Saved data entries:
++++++++++
lemma gauss_erf_drift:
  fixes \<gamma> L c ell w t :: real
  assumes \<gamma>: "0 < \<gamma>" and L: "0 \<le> L" and small: "\<gamma> * (L + 1) \<le> 1 / 2" and c: "0 \<le> c"
    and ell: "0 < ell" and w: "0 \<le> w" and t: "t \<le> (1 + \<gamma> * L) * w"
  shows "gauss_erf ((t + \<gamma> * c) / ell / sqrt (1 + 4 * \<gamma> * (L + 1)))
    \<le> gauss_erf (w / ell) - \<gamma> / 4 * (w / ell) * gauss (w / ell) + \<gamma> * c / ell"
proof -
  define D where "D = sqrt (1 + 4 * \<gamma> * (L + 1))"
  have D: "1 \<le> D"
    unfolding D_def using \<gamma> L by simp
  have "0 \<le> \<gamma> * L"
    using \<gamma> L by simp
  then have \<gamma>_half: "\<gamma> \<le> 1 / 2"
    using small by (simp add: algebra_simps)
  have "t \<le> (1 - \<gamma> / 4) * D * w"
    using t growth_le_smoothing_factor[OF \<gamma> L small] w unfolding D_def
    by (meson mult_right_mono order_trans)
  then have "t / (ell * D) \<le> (1 - \<gamma> / 4) * D * w / (ell * D)"
    using ell D by (intro divide_right_mono) auto
  then have "t / (ell * D) \<le> (1 - \<gamma> / 4) * (w / ell)"
    using ell D by simp
  moreover have "\<gamma> * c / (ell * D) \<le> \<gamma> * c / ell"
    using \<gamma> c ell D by (intro divide_left_mono) (auto intro!: mult_pos_pos)
  ultimately have "(t + \<gamma> * c) / ell / D \<le> (1 - \<gamma> / 4) * (w / ell) + \<gamma> * c / ell"
    by (simp add: add_divide_distrib divide_divide_eq_left)
  then have "gauss_erf ((t + \<gamma> * c) / ell / D) \<le> gauss_erf ((1 - \<gamma> / 4) * (w / ell) + \<gamma> * c / ell)"
    by (rule gauss_erf_mono)
  also have "\<dots> \<le> gauss_erf ((1 - \<gamma> / 4) * (w / ell)) + \<gamma> * c / ell"
    using gauss_erf_lipschitz[of "(1 - \<gamma> / 4) * (w / ell)" "(1 - \<gamma> / 4) * (w / ell) + \<gamma> * c / ell"] \<gamma> c ell
    by simp
  also have "gauss_erf ((1 - \<gamma> / 4) * (w / ell)) \<le> gauss_erf (w / ell) - \<gamma> / 4 * (w / ell) * gauss (w / ell)"
    using gauss_erf_shrink[of "w / ell" "1 - \<gamma> / 4"] w ell \<gamma> \<gamma>_half by simp
  finally show ?thesis
    unfolding D_def by simp
qed
(* Let $p\ge4$ and let $\vec r:\mathbb{Z}\to\mathbb{R}^3$ be a discrete centroaffine space curve which is closed with period $p$ and has $\tau_k=0$ for all $k$. Let $S$ be the $p\times p$ real matrix whose $n$-th row ($n=1,\dots,p$) has entry $\kappa_n$ in column $n-1$, entry $-\kappa_n-\bar\kappa_n$ in column $n$, entry $1+\bar\kappa_n$ in column $n+1$, entry $-1$ in column $n+2$ (column indices taken modulo $p$ in $\{1,\dots,p\}$), and zeros elsewhere. Then $\operatorname{rank}S=p-3$.
   Context: A discrete centroaffine space curve is a map $\vec r:\mathbb{Z}\to\mathbb{R}^3$ with $[\vec r_{k-1},\vec r_k,\vec r_{k+1}]\ne0$ for all $k$, where $\vec r_k=\vec r(k)$, $[\cdot,\cdot,\cdot]$ is the $3\times3$ determinant and $\vec t_k=\vec r_{k+1}-\vec r_k$. With $D_k=[\vec r_{k-1},\vec r_k,\vec r_{k+1}]$: $\kappa_k=\frac{[\vec r_k,\vec r_{k+1},\vec r_{k+2}]}{D_k}$, $\bar\kappa_k=\frac{[\vec r_{k+1},\vec t_{k-1},\vec t_{k+1}]}{D_k}$, $\tau_k=\frac{[\vec t_{k-1},\vec t_k,\vec t_{k+1}]}{D_k}$. Closed with period $p$: $\vec r(k+p)=\vec r(k)$ for all $k$, $p$ minimal. *)

theory Defs
  imports "HOL-Analysis.Analysis" "Jordan_Normal_Form.DL_Rank"
begin

definition det3 :: "real^3 \<Rightarrow> real^3 \<Rightarrow> real^3 \<Rightarrow> real" where
  "det3 a b c = Determinants.det (vector [a, b, c] :: real^3^3)"

definition tvec :: "(int \<Rightarrow> real^3) \<Rightarrow> int \<Rightarrow> real^3" where
  "tvec r k = r (k + 1) - r k"

definition Dk :: "(int \<Rightarrow> real^3) \<Rightarrow> int \<Rightarrow> real" where
  "Dk r k = det3 (r (k - 1)) (r k) (r (k + 1))"

definition centroaffine_curve :: "(int \<Rightarrow> real^3) \<Rightarrow> bool" where
  "centroaffine_curve r \<longleftrightarrow> (\<forall>k. Dk r k \<noteq> 0)"

definition kappa :: "(int \<Rightarrow> real^3) \<Rightarrow> int \<Rightarrow> real" where
  "kappa r k = det3 (r k) (r (k + 1)) (r (k + 2)) / Dk r k"

definition kappabar :: "(int \<Rightarrow> real^3) \<Rightarrow> int \<Rightarrow> real" where
  "kappabar r k = det3 (r (k + 1)) (tvec r (k - 1)) (tvec r (k + 1)) / Dk r k"

definition tau :: "(int \<Rightarrow> real^3) \<Rightarrow> int \<Rightarrow> real" where
  "tau r k = det3 (tvec r (k - 1)) (tvec r k) (tvec r (k + 1)) / Dk r k"

definition closed_with_period :: "(int \<Rightarrow> real^3) \<Rightarrow> nat \<Rightarrow> bool" where
  "closed_with_period r p \<longleftrightarrow> p > 0 \<and> (\<forall>k. r (k + int p) = r k) \<and>
     (\<forall>q::nat. 0 < q \<and> q < p \<longrightarrow> \<not> (\<forall>k. r (k + int q) = r k))"

text \<open>The p x p matrix S, 0-based: row i corresponds to row n = i+1 of the paper,
  column j to column j+1; column indices modulo p.\<close>
definition S_mat :: "(int \<Rightarrow> real^3) \<Rightarrow> nat \<Rightarrow> real mat" where
  "S_mat r p = mat p p (\<lambda>(i, j).
     (let n = int i + 1 in
      if j = (i + p - 1) mod p then kappa r n
      else if j = i then - kappa r n - kappabar r n
      else if j = (i + 1) mod p then 1 + kappabar r n
      else if j = (i + 2) mod p then -1
      else 0))"

end

theory Submission
  imports Defs "Jordan_Normal_Form.DL_Rank_Submatrix"
begin

unbundle no vec_syntax \<comment> \<open>\<open>$\<close> is reserved for Jordan_Normal_Form vectors\<close>
section \<open>Borel--Laplace summation\<close>

lemma laplace_kernel_integrable:
  fixes g :: "complex \<Rightarrow> complex" and x :: complex
  assumes cont: "continuous_on {0..} (\<lambda>t. g (of_real t * cis \<theta>))"
    and bound: "\<And>t. 0 \<le> t \<Longrightarrow> norm (g (of_real t * cis \<theta>)) \<le> M * exp (B * t)"
    and x: "x \<noteq> 0" and re: "B < Re (cis \<theta> / x)"
  shows "laplace_kernel g \<theta> x integrable_on {0..}"
proof -
  define c where "c = Re (cis \<theta> / x)"
  have "continuous_on {0..} (laplace_kernel g \<theta> x)"
    unfolding laplace_kernel_def using x by (intro continuous_intros cont) auto
  then have meas: "laplace_kernel g \<theta> x \<in> borel_measurable (lebesgue_on {0..})"
    by (rule continuous_imp_measurable_on_sets_lebesgue) simp
  have majorant: "(\<lambda>t. (M * norm (cis \<theta> / x)) * exp (-(c - B) * t)) integrable_on {0..}"
    using has_integral_mult_right[OF has_integral_exp_minus_to_infinity[of "c - B" 0], of "M * norm (cis \<theta> / x)"] re
    unfolding c_def integrable_on_def by auto
  have "norm (laplace_kernel g \<theta> x t) \<le> (M * norm (cis \<theta> / x)) * exp (-(c - B) * t)" if "t \<in> {0..}" for t
  proof -
    have Re_scale: "Re (of_real r * z) = r * Re z" for r z by simp
    have ray: "- (of_real t * cis \<theta>) / x = of_real (- t) * (cis \<theta> / x)" by simp
    have "Re (- (of_real t * cis \<theta>) / x) = - t * c" unfolding ray Re_scale c_def ..
    then have "norm (laplace_kernel g \<theta> x t) = norm (g (of_real t * cis \<theta>)) * exp (- t * c) * norm (cis \<theta> / x)"
      unfolding laplace_kernel_def norm_mult norm_exp_eq_Re by simp
    also have "\<dots> \<le> M * exp (B * t) * exp (- t * c) * norm (cis \<theta> / x)"
      using bound that by (intro mult_right_mono) auto
    also have "\<dots> = (M * norm (cis \<theta> / x)) * exp (-(c - B) * t)"
      by (simp add: exp_add[symmetric] algebra_simps)
    finally show ?thesis .
  qed
  then have "laplace_kernel g \<theta> x absolutely_integrable_on {0..}"
    by (intro measurable_bounded_by_integrable_imp_absolutely_integrable[OF meas _ majorant]) auto
  then show ?thesis using set_lebesgue_integral_eq_integral(1) by blast
qed

lemma is_one_sum_dir_lincomb:
  assumes "borel_cont f \<theta> (\<lambda>\<xi>. K * g\<^sub>1 \<xi> - g\<^sub>2 \<xi>) A B"
    and "continuous_on {0..} (\<lambda>t. g\<^sub>1 (of_real t * cis \<theta>))" "continuous_on {0..} (\<lambda>t. g\<^sub>2 (of_real t * cis \<theta>))"
    and "\<And>t. 0 \<le> t \<Longrightarrow> norm (g\<^sub>1 (of_real t * cis \<theta>)) \<le> M * exp (B * t)"
    and "\<And>t. 0 \<le> t \<Longrightarrow> norm (g\<^sub>2 (of_real t * cis \<theta>)) \<le> M * exp (B * t)"
  shows "is_one_sum_dir f \<theta> (\<lambda>x. K * laplace_dir g\<^sub>1 \<theta> x - laplace_dir g\<^sub>2 \<theta> x)"
proof -
  have "(laplace_kernel (\<lambda>\<xi>. K * g\<^sub>1 \<xi> - g\<^sub>2 \<xi>) \<theta> x has_integral K * laplace_dir g\<^sub>1 \<theta> x - laplace_dir g\<^sub>2 \<theta> x) {0..}"
    if "x \<noteq> 0" "B < Re (cis \<theta> / x)" for x
  proof -
    have "laplace_kernel (\<lambda>\<xi>. K * g\<^sub>1 \<xi> - g\<^sub>2 \<xi>) \<theta> x = (\<lambda>t. K * laplace_kernel g\<^sub>1 \<theta> x t - laplace_kernel g\<^sub>2 \<theta> x t)"
      by (auto simp: laplace_kernel_def algebra_simps)
    then show ?thesis
      unfolding laplace_dir_def using assms(2-5) that
      by (auto intro!: has_integral_diff has_integral_mult_right integrable_integral laplace_kernel_integrable)
  qed
  then show ?thesis using assms(1) unfolding is_one_sum_dir_def by blast
qed

lemma borel_contI:
  assumes "0 < r" "0 < \<delta>"
    and "\<And>\<zeta>. \<zeta> \<in> ball 0 r \<Longrightarrow> (\<lambda>n. f n * \<zeta> ^ n / fact n) sums h \<zeta>"
    and "h holomorphic_on ball 0 r \<union> open_sector \<theta> \<delta>"
    and "\<And>t \<phi>. 0 \<le> t \<Longrightarrow> \<bar>\<phi> - \<theta>\<bar> < \<delta> \<Longrightarrow> norm (h (of_real t * cis \<phi>)) \<le> A * exp (B * t)"
  shows "borel_cont f \<theta> h A B"
  unfolding borel_cont_def
proof (intro exI conjI ballI)
  fix \<xi> assume "\<xi> \<in> open_sector \<theta> \<delta>"
  then obtain \<phi> where "\<bar>\<phi> - \<theta>\<bar> < \<delta>" "\<xi> = of_real (norm \<xi>) * cis \<phi>"
    unfolding open_sector_def by blast
  then show "norm (h \<xi>) \<le> A * exp (B * norm \<xi>)" using assms(5)[of "norm \<xi>" \<phi>] by simp
qed (use assms in auto)

lemma continuous_on_ray:
  assumes "g holomorphic_on ball 0 r \<union> open_sector \<theta> \<delta>" "0 < r" "0 < \<delta>"
  shows "continuous_on {0..} (\<lambda>t. g (of_real t * cis \<theta>))"
proof -
  have "(\<lambda>t. of_real t * cis \<theta>) ` {0..} \<subseteq> ball 0 r \<union> open_sector \<theta> \<delta>"
  proof (rule image_subsetI)
    fix t :: real assume "t \<in> {0..}"
    then have "0 \<le> t" by simp
    then show "of_real t * cis \<theta> \<in> ball 0 r \<union> open_sector \<theta> \<delta>"
  proof (cases "t = 0")
    case False
    then have "of_real t * cis \<theta> \<in> open_sector \<theta> \<delta>"
      using \<open>0 \<le> t\<close> assms(3) by (auto simp: open_sector_def norm_mult intro!: exI[of _ \<theta>])
    then show ?thesis by simp
  qed (use assms(2) in simp)
  qed
  then show ?thesis
    by (rule continuous_on_compose2[OF holomorphic_on_imp_continuous_on[OF assms(1)], rotated]) (intro continuous_intros)
qed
++++++++++
## WHAT IS EXPECTED
If a line in the entries holds the string "that", count it, then state the total and nothing more.

## THE ANSWER
2